▸ **Requirement**:
Filter the entries below down to the lines that hold "lemma".

▸ **Exercise materials**:
lemma proximal_point_exists:
  fixes g :: "'a::euclidean_space \<Rightarrow> real"
  assumes g: "convex_on S g" "continuous_on S g" and "closed S" "x \<in> S" "0 < \<alpha>"
  obtains p where "p \<in> S"
    "\<And>u. u \<in> S \<Longrightarrow> g p + norm (p - x) ^ 2 / (2 * \<alpha>) \<le> g u + norm (u - x) ^ 2 / (2 * \<alpha>)"
proof -
  let ?\<phi> = "\<lambda>u. g u + norm (u - x) ^ 2 / (2 * \<alpha>)"
  obtain M where M: "0 \<le> M" "\<And>u. u \<in> S \<Longrightarrow> 1 \<le> norm (u - x) \<Longrightarrow> g x - M * norm (u - x) \<le> g u"
    using convex_on_linear_lower_bound[OF g \<open>closed S\<close> \<open>x \<in> S\<close>] by blast
  define R where "R = max 1 (2 * \<alpha> * M)"
  have far: "g x < ?\<phi> u" if u: "u \<in> S" "R < norm (u - x)" for u
  proof -
    define r where "r = norm (u - x)"
    have r: "1 < r" "2 * \<alpha> * M < r" using u unfolding r_def R_def by auto
    then have "M < r / (2 * \<alpha>)" using \<open>0 < \<alpha>\<close> by (simp add: field_simps)
    then have "r * M < r * (r / (2 * \<alpha>))" using r by (intro mult_strict_left_mono) auto
    moreover have "g x - M * r \<le> g u" using M(2)[OF u(1)] r unfolding r_def by simp
    ultimately show ?thesis unfolding r_def[symmetric] by (simp add: power2_eq_square mult.commute)
  qed
  have "compact (S \<inter> cball x R)" using \<open>closed S\<close> by (intro closed_Int_compact) auto
  moreover have "x \<in> S \<inter> cball x R" using \<open>x \<in> S\<close> unfolding R_def by auto
  moreover have "continuous_on (S \<inter> cball x R) ?\<phi>"
    using g(2) \<open>0 < \<alpha>\<close> by (intro continuous_intros) (auto intro: continuous_on_subset)
  ultimately obtain p where p: "p \<in> S \<inter> cball x R" "\<forall>u\<in>S \<inter> cball x R. ?\<phi> p \<le> ?\<phi> u"
    using continuous_attains_inf by blast
  then have "?\<phi> p \<le> g x" using \<open>x \<in> S\<close> \<open>x \<in> S \<inter> cball x R\<close> by force
  have "?\<phi> p \<le> ?\<phi> u" if "u \<in> S" for u
  proof (cases "norm (u - x) \<le> R")
    case True
    with p that show ?thesis by (simp add: dist_norm norm_minus_commute)
  next
    case False
    with far[OF that] \<open>?\<phi> p \<le> g x\<close> show ?thesis by linarith
  qed
  with p show thesis using that by blast
qed

lemma proximal_point_value_le:
  fixes g :: "'a::real_normed_vector \<Rightarrow> real"
  assumes g: "convex_on S g" "g x = 0" and "x \<in> S" "p \<in> S" "0 < \<alpha>"
    and minimal: "\<And>u. u \<in> S \<Longrightarrow> g p + norm (p - x) ^ 2 / (2 * \<alpha>) \<le> g u + norm (u - x) ^ 2 / (2 * \<alpha>)"
  shows "g p \<le> - (norm (p - x) ^ 2 / \<alpha>)"
proof -
  define w where "w = norm (p - x) ^ 2 / (2 * \<alpha>)"
  have "g p \<le> - ((1 + s) * w)" if s: "0 < s" "s < 1" for s
  proof -
    define u where "u = (1 - s) *\<^sub>R x + s *\<^sub>R p"
    have "u - x = s *\<^sub>R (p - x)" unfolding u_def by (simp add: algebra_simps)
    then have "norm (u - x) ^ 2 / (2 * \<alpha>) = s\<^sup>2 * w"
      unfolding w_def using s by (simp add: power_mult_distrib)
    moreover have "g u \<le> s * g p"
      unfolding u_def using convex_onD[OF g(1), of s x p] s \<open>x \<in> S\<close> \<open>p \<in> S\<close> g(2) by simp
    moreover have "u \<in> S"
      unfolding u_def using convexD[OF convex_on_imp_convex[OF g(1)] \<open>x \<in> S\<close> \<open>p \<in> S\<close>] s by simp
    ultimately have "g p + w \<le> s * g p + s\<^sup>2 * w" using minimal unfolding w_def by fastforce
    then have "(1 - s) * g p \<le> (1 - s) * (- ((1 + s) * w))"
      by (simp add: algebra_simps power2_eq_square)
    with s show ?thesis by (subst (asm) mult_le_cancel_left_pos) auto
  qed
  then have "eventually (\<lambda>s. g p \<le> - ((1 + s) * w)) (at_left 1)"
    using eventually_at_left_real[of 0 1] by (auto elim: eventually_mono)
  moreover have "((\<lambda>s. - ((1 + s) * w)) \<longlongrightarrow> - ((1 + 1) * w)) (at_left 1)"
    by (intro tendsto_intros)
  ultimately have "g p \<le> - (2 * w)" by (intro tendsto_lowerbound) auto
  with \<open>0 < \<alpha>\<close> show ?thesis unfolding w_def by simp
qed

section \<open>The MPG subproblem\<close>

locale mpg_problem =
  fixes G :: "nat \<Rightarrow> 'a::euclidean_space \<Rightarrow> real"
    and gradG :: "nat \<Rightarrow> 'a \<Rightarrow> 'a"
    and H :: "nat \<Rightarrow> 'a \<Rightarrow> ereal"
    and m :: nat and \<alpha> :: real
  assumes m_pos: "1 \<le> m"
    and H_proper_convex_cont: "\<And>j. j \<in> {1..m} \<Longrightarrow> proper_convex_cont (H j)"
    and domF_closed: "closed (domF G H m)"
    and alpha_pos: "0 < \<alpha>"
begin

abbreviation "D \<equiv> domF G H m"
abbreviation "prox x \<equiv> p_alpha gradG H m \<alpha> x"

(* Junk outside D, where real_of_ereal sends \<infinity> to 0; it is only ever used on D. *)
definition "H_real j u = real_of_ereal (H j u)"

definition "psi_real x u = Max ((\<lambda>j. gradG j x \<bullet> (u - x) + H_real j u - H_real j x) ` {1..m})"

definition "theta_real x = psi_real x (prox x) + norm (prox x - x) ^ 2 / (2 * \<alpha>)"

lemma domF_eq_Inter_domE: "D = (\<Inter>j\<in>{1..m}. domE (H j))"
  unfolding domF_def domE_def Fobj_def by auto

lemma H_eq_H_real:
  assumes "j \<in> {1..m}" "u \<in> D" shows "H j u = ereal (H_real j u)"
proof -
  have "H j u \<noteq> -\<infinity>" using H_proper_convex_cont[OF assms(1)] by (simp add: proper_convex_cont_def)
  moreover have "H j u < \<infinity>" using assms domF_eq_Inter_domE by (auto simp: domE_def)
  ultimately show ?thesis unfolding H_real_def by (cases "H j u") auto
qed

lemma Fobj_eq: "j \<in> {1..m} \<Longrightarrow> u \<in> D \<Longrightarrow> Fobj G H j u = ereal (G j u + H_real j u)"
  by (simp add: Fobj_def H_eq_H_real)

lemma H_proper_convex_contD:
  assumes "j \<in> {1..m}"
  shows "convex (domE (H j))" "convex_on (domE (H j)) (H_real j)"
    and "continuous_on (domE (H j)) (H_real j)"
  using H_proper_convex_cont[OF assms] unfolding proper_convex_cont_def H_real_def[abs_def] by auto

lemma convex_domF: "convex D"
  unfolding domF_eq_Inter_domE by (rule convex_INT) (rule H_proper_convex_contD)

lemma domF_subset: "j \<in> {1..m} \<Longrightarrow> D \<subseteq> domE (H j)"
  unfolding domF_eq_Inter_domE by blast

lemma H_real_convex: "j \<in> {1..m} \<Longrightarrow> convex_on D (H_real j)"
  using convex_on_subset[OF H_proper_convex_contD(2) domF_subset convex_domF] .

lemma H_real_continuous: "j \<in> {1..m} \<Longrightarrow> continuous_on D (H_real j)"
  using continuous_on_subset[OF H_proper_convex_contD(3) domF_subset] .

▸ **The answer**:
lemma proximal_point_exists:
lemma proximal_point_value_le:
lemma domF_eq_Inter_domE: "D = (\<Inter>j\<in>{1..m}. domE (H j))"
lemma H_eq_H_real:
lemma Fobj_eq: "j \<in> {1..m} \<Longrightarrow> u \<in> D \<Longrightarrow> Fobj G H j u = ereal (G j u + H_real j u)"
lemma H_proper_convex_contD:
lemma convex_domF: "convex D"
lemma domF_subset: "j \<in> {1..m} \<Longrightarrow> D \<subseteq> domE (H j)"
lemma H_real_convex: "j \<in> {1..m} \<Longrightarrow> convex_on D (H_real j)"
lemma H_real_continuous: "j \<in> {1..m} \<Longrightarrow> continuous_on D (H_real j)"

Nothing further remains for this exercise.